Alih-alih hanya mengandalkan aparat penegak hukum, Pemprov Sumsel memilih pendekatan baru dengan membentuk satgas yang melibatkan lintas instansi. Keputusan pembentukan satgas ini akan ditandatangani langsung oleh gubernur pada Rabu (20/11).
"Besok saya tanda tangani pembentukan satgas. Di dalamnya ada Satpol PP, kemudian unsur eksternal seperti Dinas Perhubungan agar tidak lagi terjadi antrean panjang," ujarnya.
Meski demikian, Herman Deru menegaskan bahwa aspek pidana terkait dugaan penyalahgunaan BBM bersubsidi tetap menjadi ranah kepolisian. Sementara itu, pengawasan distribusi berada di bawah Badan Pengatur Hilir Minyak dan Gas Bumi (BPH Migas). Satgas ini difokuskan pada pengawasan administratif dan operasional di titik-titik rawan.
Selain pembentukan satgas, Pemprov Sumsel juga mengusulkan perubahan skema alokasi kuota solar subsidi. Saat ini, kuota bersifat agregat sehingga sulit dilacak jika terjadi penyimpangan di satu titik.
Herman Deru mengusulkan agar alokasi kuota dipecah secara lebih rinci, mulai dari tingkat nasional, provinsi, kabupaten/kota, hingga masing-masing SPBU. Mekanisme ini dinilai akan memudahkan pengalihan pasokan apabila terdapat SPBU yang mengalami kekurangan stok.
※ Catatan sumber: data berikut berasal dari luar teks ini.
(* For every context $\Gamma$ and formula $A$: if the sequent $\Gamma\vdash A$ is derivable in the sequent calculus, then it has a focused derivation.
   Context: Formulas are built from atoms ($p,q,\dots$) by a binary product: every formula is an atom or $A\bullet B$. A context is a finite (possibly empty) list of formulas; commas denote concatenation. The sequent calculus has exactly four rules (no weakening, contraction or exchange): ($\bullet L$) from $A,B,\Delta\vdash C$ infer $A\bullet B,\Delta\vdash C$ (the product must be the leftmost formula); ($\bullet R$) from $\Gamma\vdash A$ and $\Delta\vdash B$ infer $\Gamma,\Delta\vdash A\bullet B$; ($id$) $A\vdash A$; ($cut$) from $\Theta\vdash A$ and $\Gamma,A,\Delta\vdash B$ infer $\Gamma,\Theta,\Delta\vdash B$. A sequent is derivable if it is the conclusion of a finite derivation tree of these rules with no undischarged premises. A context is irreducible if its leftmost formula is not a product (i.e. it is empty or begins with an atom), and reducible otherwise. A focused derivation is a finite derivation tree (with no undischarged premises) using only: the rule ($\bullet L$); the restricted rule ($\bullet R^{foc}$): from $\Gamma\vdash A$ and $\Delta\vdash B$ infer $\Gamma,\Delta\vdash A\bullet B$, where $\Gamma$ is irreducible; and the restricted rule ($id^{atm}$): $p\vdash p$ for atoms $p$ (no cut). *)

theory Defs
  imports Main
begin

datatype 'a fm = Atom 'a | Prod "'a fm" "'a fm"

inductive deriv :: "'a fm list \<Rightarrow> 'a fm \<Rightarrow> bool" where
  prodL: "deriv (A # B # \<Delta>) C \<Longrightarrow> deriv (Prod A B # \<Delta>) C"
| prodR: "deriv \<Gamma> A \<Longrightarrow> deriv \<Delta> B \<Longrightarrow> deriv (\<Gamma> @ \<Delta>) (Prod A B)"
| idr: "deriv [A] A"
| cut: "deriv \<Theta> A \<Longrightarrow> deriv (\<Gamma> @ [A] @ \<Delta>) B \<Longrightarrow> deriv (\<Gamma> @ \<Theta> @ \<Delta>) B"

definition irreducible :: "'a fm list \<Rightarrow> bool" where
  "irreducible \<Gamma> \<longleftrightarrow> \<Gamma> = [] \<or> (\<exists>p. hd \<Gamma> = Atom p)"

inductive fderiv :: "'a fm list \<Rightarrow> 'a fm \<Rightarrow> bool" where
  fprodL: "fderiv (A # B # \<Delta>) C \<Longrightarrow> fderiv (Prod A B # \<Delta>) C"
| fprodR: "irreducible \<Gamma> \<Longrightarrow> fderiv \<Gamma> A \<Longrightarrow> fderiv \<Delta> B \<Longrightarrow> fderiv (\<Gamma> @ \<Delta>) (Prod A B)"
| fid: "fderiv [Atom p] (Atom p)"

end

theory Submission
  imports Defs
begin

text \<open>The identity and product-right rules of the full calculus are admissible in the
  focused one: a focused derivation of the left premise of an unrestricted product-right
  can be pushed upwards until its context starts with an atom. Cut is admissible by
  induction on the cut formula: within it, an induction on the focused derivation of the
  right premise moves the cut up to the point where the cut formula is decomposed by
  product-left, and there a cut on a product becomes two cuts on its components.\<close>

lemma fderiv_nonempty: "fderiv \<Gamma> A \<Longrightarrow> \<Gamma> \<noteq> []"
  by (induction rule: fderiv.induct) auto

lemma fderiv_prodR: "fderiv \<Gamma> A \<Longrightarrow> fderiv \<Delta> B \<Longrightarrow> fderiv (\<Gamma> @ \<Delta>) (Prod A B)"
proof (induction arbitrary: \<Delta> rule: fderiv.induct)
  case (fprodL A B \<Delta>' C)
  then show ?case using fderiv.fprodL by fastforce
next
  case (fprodR \<Gamma>1 A \<Delta>1 B)
  have "irreducible (\<Gamma>1 @ \<Delta>1)"
    using fprodR(1) fderiv_nonempty[OF fprodR(2)] by (auto simp: irreducible_def)
  then show ?case using fderiv.fprodR[OF _ fderiv.fprodR[OF fprodR(1-3)] fprodR(6)] by simp
next
  case (fid p)
  have "irreducible [Atom p]" by (simp add: irreducible_def)
  from fderiv.fprodR[OF this fderiv.fid fid] show ?case by simp
qed

lemma fderiv_id: "fderiv [A] A"
proof (induction A)
  case (Atom p)
  show ?case by (rule fderiv.fid)
next
  case (Prod A B)
  from fderiv_prodR[OF Prod] show ?case using fderiv.fprodL by fastforce
qed

definition cut_admissible :: "'a fm \<Rightarrow> bool" where
  "cut_admissible A \<longleftrightarrow>
     (\<forall>\<Theta> \<Gamma> \<Delta> C. fderiv \<Theta> A \<longrightarrow> fderiv (\<Gamma> @ [A] @ \<Delta>) C \<longrightarrow> fderiv (\<Gamma> @ \<Theta> @ \<Delta>) C)"

lemma cut_admissibleD:
  "cut_admissible A \<Longrightarrow> fderiv \<Theta> A \<Longrightarrow> fderiv (\<Gamma> @ [A] @ \<Delta>) C \<Longrightarrow> fderiv (\<Gamma> @ \<Theta> @ \<Delta>) C"
  unfolding cut_admissible_def by blast

text \<open>The principal case: the left premise of a cut on \<open>Prod A B\<close> ends either in
  product-left, which commutes with the cut, or in product-right, whose two premises are
  cut successively against \<open>A\<close> and \<open>B\<close>.\<close>

lemma fderiv_cut_prod:
  assumes "cut_admissible A" and "cut_admissible B"
    and "fderiv \<Theta> (Prod A B)" and "fderiv (A # B # \<Delta>) C"
  shows "fderiv (\<Theta> @ \<Delta>) C"
  using assms(3,4)
proof (induction \<Theta> "Prod A B" arbitrary: \<Delta> rule: fderiv.induct)
  case (fprodL X Y \<Delta>')
  then show ?case using fderiv.fprodL by fastforce
next
  case (fprodR \<Gamma>1 \<Delta>1)
  have "fderiv ([] @ \<Gamma>1 @ (B # \<Delta>)) C"
    using cut_admissibleD[OF assms(1) fprodR(2), of "[]" "B # \<Delta>"] fprodR.prems by simp
  then have "fderiv (\<Gamma>1 @ [B] @ \<Delta>) C" by simp
  from cut_admissibleD[OF assms(2) fprodR(4) this] show ?case by simp
qed

lemma cut_admissible_step:
  assumes subformulas: "\<And>X Y. A = Prod X Y \<Longrightarrow> cut_admissible X \<and> cut_admissible Y"
  shows "cut_admissible A"
  unfolding cut_admissible_def
proof (intro allI impI)
  fix \<Theta> \<Gamma> \<Delta> C
  assume th: "fderiv \<Theta> A" and "fderiv (\<Gamma> @ [A] @ \<Delta>) C"
  from this(2) show "fderiv (\<Gamma> @ \<Theta> @ \<Delta>) C"
  proof (induction "\<Gamma> @ [A] @ \<Delta>" C arbitrary: \<Gamma> \<Delta> rule: fderiv.induct)
    case (fprodL X Y \<Delta>0 C)
    show ?case
    proof (cases \<Gamma>)
      case Nil
      then have "A = Prod X Y" "\<Delta> = \<Delta>0" using fprodL by auto
      with fderiv_cut_prod[of X Y \<Theta> \<Delta>0 C] subformulas fprodL th Nil show ?thesis by simp
    next
      case (Cons G \<Gamma>0)
      then have "G = Prod X Y" "\<Delta>0 = \<Gamma>0 @ [A] @ \<Delta>" using fprodL by auto
      with fprodL.hyps(2)[of "X # Y # \<Gamma>0" \<Delta>]
      have "fderiv (X # Y # \<Gamma>0 @ \<Theta> @ \<Delta>) C" by simp
      then show ?thesis using Cons \<open>G = Prod X Y\<close> fderiv.fprodL by fastforce
    qed
  next
    case (fprodR \<Gamma>1 B1 \<Delta>1 B2)
    from \<open>\<Gamma>1 @ \<Delta>1 = \<Gamma> @ [A] @ \<Delta>\<close>
    consider (left) \<Delta>' where "\<Gamma>1 = \<Gamma> @ [A] @ \<Delta>'" "\<Delta> = \<Delta>' @ \<Delta>1"
      | (right) \<Gamma>' where "\<Delta>1 = \<Gamma>' @ [A] @ \<Delta>" "\<Gamma> = \<Gamma>1 @ \<Gamma>'"
      by (auto simp: append_eq_append_conv2 append_eq_Cons_conv)
    then show ?case
    proof cases
      case left
      from fprodR.hyps(3)[OF left(1)] have "fderiv (\<Gamma> @ \<Theta> @ \<Delta>') B1" .
      from fderiv_prodR[OF this fprodR.hyps(4)] left show ?thesis by simp
    next
      case right
      from fprodR.hyps(5)[OF right(1)] have "fderiv (\<Gamma>' @ \<Theta> @ \<Delta>) B2" .
      from fderiv.fprodR[OF fprodR.hyps(1,2) this] right show ?thesis by simp
    qed
  next
    case (fid p)
    then have "\<Gamma> = []" "\<Delta> = []" "A = Atom p"
      by (auto simp: Cons_eq_append_conv append_eq_Cons_conv)
    then show ?case using th by simp
  qed
qed

lemma cut_admissible: "cut_admissible A"
  by (induction A) (auto intro: cut_admissible_step)

theorem theorem1p12:
  fixes \<Gamma> :: "'a fm list" and A :: "'a fm"
  assumes "deriv \<Gamma> A"
  shows "fderiv \<Gamma> A"
  using assms
proof (induction rule: deriv.induct)
  case (prodL A B \<Delta> C)
  from prodL.IH show ?case by (rule fderiv.fprodL)
next
  case (prodR \<Gamma> A \<Delta> B)
  from prodR.IH show ?case by (rule fderiv_prodR)
next
  case (idr A)
  show ?case by (rule fderiv_id)
next
  case (cut \<Theta> A \<Gamma> \<Delta> B)
  from cut.IH show ?case by (rule cut_admissibleD[OF cut_admissible])
qed

end
section \<open>Trace sequences of power functions\<close>

text \<open>Collecting the Frobenius conjugates of all digit subsets by their shift class.\<close>
lemma trace2_sum_power_set_encode:
  fixes y :: "'a::{finite,field}"
  assumes card: "card (UNIV::'a set) = 2 ^ m" and "m > 0" and D: "D \<subseteq> {..<m}"
  shows "trace2 m (\<Sum>K\<in>Pow D. y ^ set_encode K)
    = (\<Sum>E\<in>Pow {..<m}. of_nat (shift_count m D E) * y ^ set_encode E)"
proof -
  have char2: "(2::'a) = 0" using two_eq_zero_if_card_eq_power_two[OF card \<open>m > 0\<close>] .
  have fin: "finite D" using D finite_subset by blast
  have "trace2 m (\<Sum>K\<in>Pow D. y ^ set_encode K)
      = (\<Sum>i<m. \<Sum>K\<in>Pow D. y ^ set_encode (cyclic_shift m i K))"
    unfolding trace2_def char2_power_two_power_sum[OF char2 finite_Pow_iff[THEN iffD2, OF fin]]
    using D by (intro sum.cong refl) (auto simp: power_set_encode_cyclic_shift[OF card])
  also have "\<dots> = (\<Sum>p\<in>{..<m} \<times> Pow D. y ^ set_encode (cyclic_shift m (fst p) (snd p)))"
    by (simp add: sum.cartesian_product case_prod_beta)
  also have "\<dots> = (\<Sum>E\<in>Pow {..<m}. \<Sum>p\<in>{p \<in> {..<m} \<times> Pow D. cyclic_shift m (fst p) (snd p) = E}.
      y ^ set_encode (cyclic_shift m (fst p) (snd p)))"
    by (rule sum.group[symmetric]) (use fin cyclic_shift_subset_lessThan \<open>m > 0\<close> in auto)
  also have "\<dots> = (\<Sum>E\<in>Pow {..<m}. of_nat (shift_count m D E) * y ^ set_encode E)"
    using card_cyclic_shift_fiber[OF D] by (intro sum.cong refl) simp
  finally show ?thesis .
qed

lemma trace2_add_one_power_set_encode:
  fixes y :: "'a::{finite,field}"
  assumes card: "card (UNIV::'a set) = 2 ^ m" and "m > 0" and D: "D \<subseteq> {..<m}"
  shows "trace2 m ((y + 1) ^ set_encode D)
    = (\<Sum>E\<in>{E. E \<subseteq> {..<m} \<and> odd (shift_count m D E)}. y ^ set_encode E)"
proof -
  have char2: "(2::'a) = 0" using two_eq_zero_if_card_eq_power_two[OF card \<open>m > 0\<close>] .
  have "trace2 m ((y + 1) ^ set_encode D)
      = (\<Sum>E\<in>Pow {..<m}. of_nat (shift_count m D E) * y ^ set_encode E)"
    using D finite_subset[OF D]
    by (simp add: char2_add_one_power_set_encode[OF char2] trace2_sum_power_set_encode[OF assms])
  also have "\<dots> = (\<Sum>E\<in>Pow {..<m}. if odd (shift_count m D E) then y ^ set_encode E else 0)"
    by (intro sum.cong) (simp_all add: char2_of_nat[OF char2])
  also have "\<dots> = (\<Sum>E\<in>{E. E \<subseteq> {..<m} \<and> odd (shift_count m D E)}. y ^ set_encode E)"
    by (simp add: sum.inter_filter[symmetric] Pow_def)
  finally show ?thesis .
qed

locale trace_power_sequence =
  fixes m :: nat and \<alpha> :: "'a::{finite,field}" and D :: "nat set"
  assumes card_UNIV: "card (UNIV::'a set) = 2 ^ m" and m_pos: "m > 0"
    and primitive: "primitive_elem \<alpha>"
    and D_subset: "D \<subseteq> {..<m}" and D_proper: "D \<noteq> {..<m}"
begin

definition odd_shift_sets :: "nat set set" where
  "odd_shift_sets = {E. E \<subseteq> {..<m} \<and> odd (shift_count m D E)}"

lemma char2: "(2::'a) = 0"
  using two_eq_zero_if_card_eq_power_two[OF card_UNIV m_pos] .

lemma alpha_nonzero: "\<alpha> \<noteq> 0"
  using primitive unfolding primitive_elem_def by simp

lemma power_alpha_inj:
  assumes "a < 2 ^ m - 1" "b < 2 ^ m - 1" "\<alpha> ^ a = \<alpha> ^ b"
  shows "a = b"
proof (rule ccontr)
  have one: "\<alpha> ^ (y - x) = 1" if "x < y" "\<alpha> ^ x = \<alpha> ^ y" for x y
  proof -
    have "x + (y - x) = y" using that by simp
    then have "\<alpha> ^ x * \<alpha> ^ (y - x) = \<alpha> ^ x * 1"
      using that by (metis power_add mult_1_right)
    then show ?thesis using alpha_nonzero by simp
  qed
  assume "a \<noteq> b"
  then have "\<exists>k. 0 < k \<and> k < 2 ^ m - 1 \<and> \<alpha> ^ k = 1"
  proof (cases "a < b")
    case True
    then show ?thesis using one[of a b] assms by (intro exI[of _ "b - a"]) auto
  next
    case False
    then have "b < a" using \<open>a \<noteq> b\<close> by simp
    then show ?thesis using one[of b a] assms by (intro exI[of _ "a - b"]) auto
  qed
  then show False using primitive card_UNIV unfolding primitive_elem_def by auto
qed

lemma finite_odd_shift_sets: "finite odd_shift_sets"
  unfolding odd_shift_sets_def by (rule finite_subset[of _ "Pow {..<m}"]) auto

lemma odd_shift_sets_subset: "E \<in> odd_shift_sets \<Longrightarrow> E \<subseteq> {..<m}"
  unfolding odd_shift_sets_def by simp

lemma lessThan_notin_odd_shift_sets: "{..<m} \<notin> odd_shift_sets"
proof -
  have "\<not> {..<m} \<subseteq> D" using D_subset D_proper by blast
  then have "shift_count m D {..<m} = 0"
    unfolding shift_count_def shifts_into_def by (simp add: cyclic_shift_lessThan)
  then show ?thesis unfolding odd_shift_sets_def by simp
qed

lemma inj_on_power_set_encode: "inj_on (\<lambda>E. \<alpha> ^ set_encode E) odd_shift_sets"
proof (rule inj_onI)
  fix E E' assume E: "E \<in> odd_shift_sets" "E' \<in> odd_shift_sets"
    and eq: "\<alpha> ^ set_encode E = \<alpha> ^ set_encode E'"
  have "set_encode A < 2 ^ m - 1" if "A \<in> odd_shift_sets" for A
    using that odd_shift_sets_subset lessThan_notin_odd_shift_sets
    by (intro set_encode_less_if_proper_subset) auto
  then have "set_encode E = set_encode E'" using power_alpha_inj E eq by blast
  moreover have "finite E" "finite E'"
    using E odd_shift_sets_subset finite_subset by blast+
  ultimately show "E = E'" using set_encode_eq by blast
qed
"Kalau ada kabupaten atau kota yang kuotanya sudah terpenuhi, bisa menyuplai SPBU yang mengalami kekurangan. Apabila diperlukan tambahan kuota, sebaiknya langsung diberikan kepada SPBU yang bermasalah," jelasnya.
Fenomena antrean solar subsidi di Sumsel bukanlah hal baru. Para sopir angkutan dan truk pengangkut hasil bumi kerap mengeluhkan waktu tunggu yang bisa mencapai berjam-jam. Di sisi lain, solar subsidi yang seharusnya dinikmati petani dan nelayan kecil justru bocor ke tangan pengecer ilegal.
Modus operandi yang paling umum adalah penggunaan banyak barcode oleh operator SPBU untuk memborong kuota, lalu menjualnya kembali dengan harga lebih tinggi ke industri. Praktik "tukang unjal" — sebutan untuk calo yang mengantrekan kendaraan palsu — juga disebut sebagai salah satu biang keladi kelangkaan di pompa resmi.
Dengan terbentuknya satgas ini, publik berharap ada efek jera yang nyata. Namun, tanpa pengawasan ketat dan koordinasi lintas lembaga, antrean solar subsidi di Sumsel bisa terus menjadi pemandangan yang tak kunjung usai.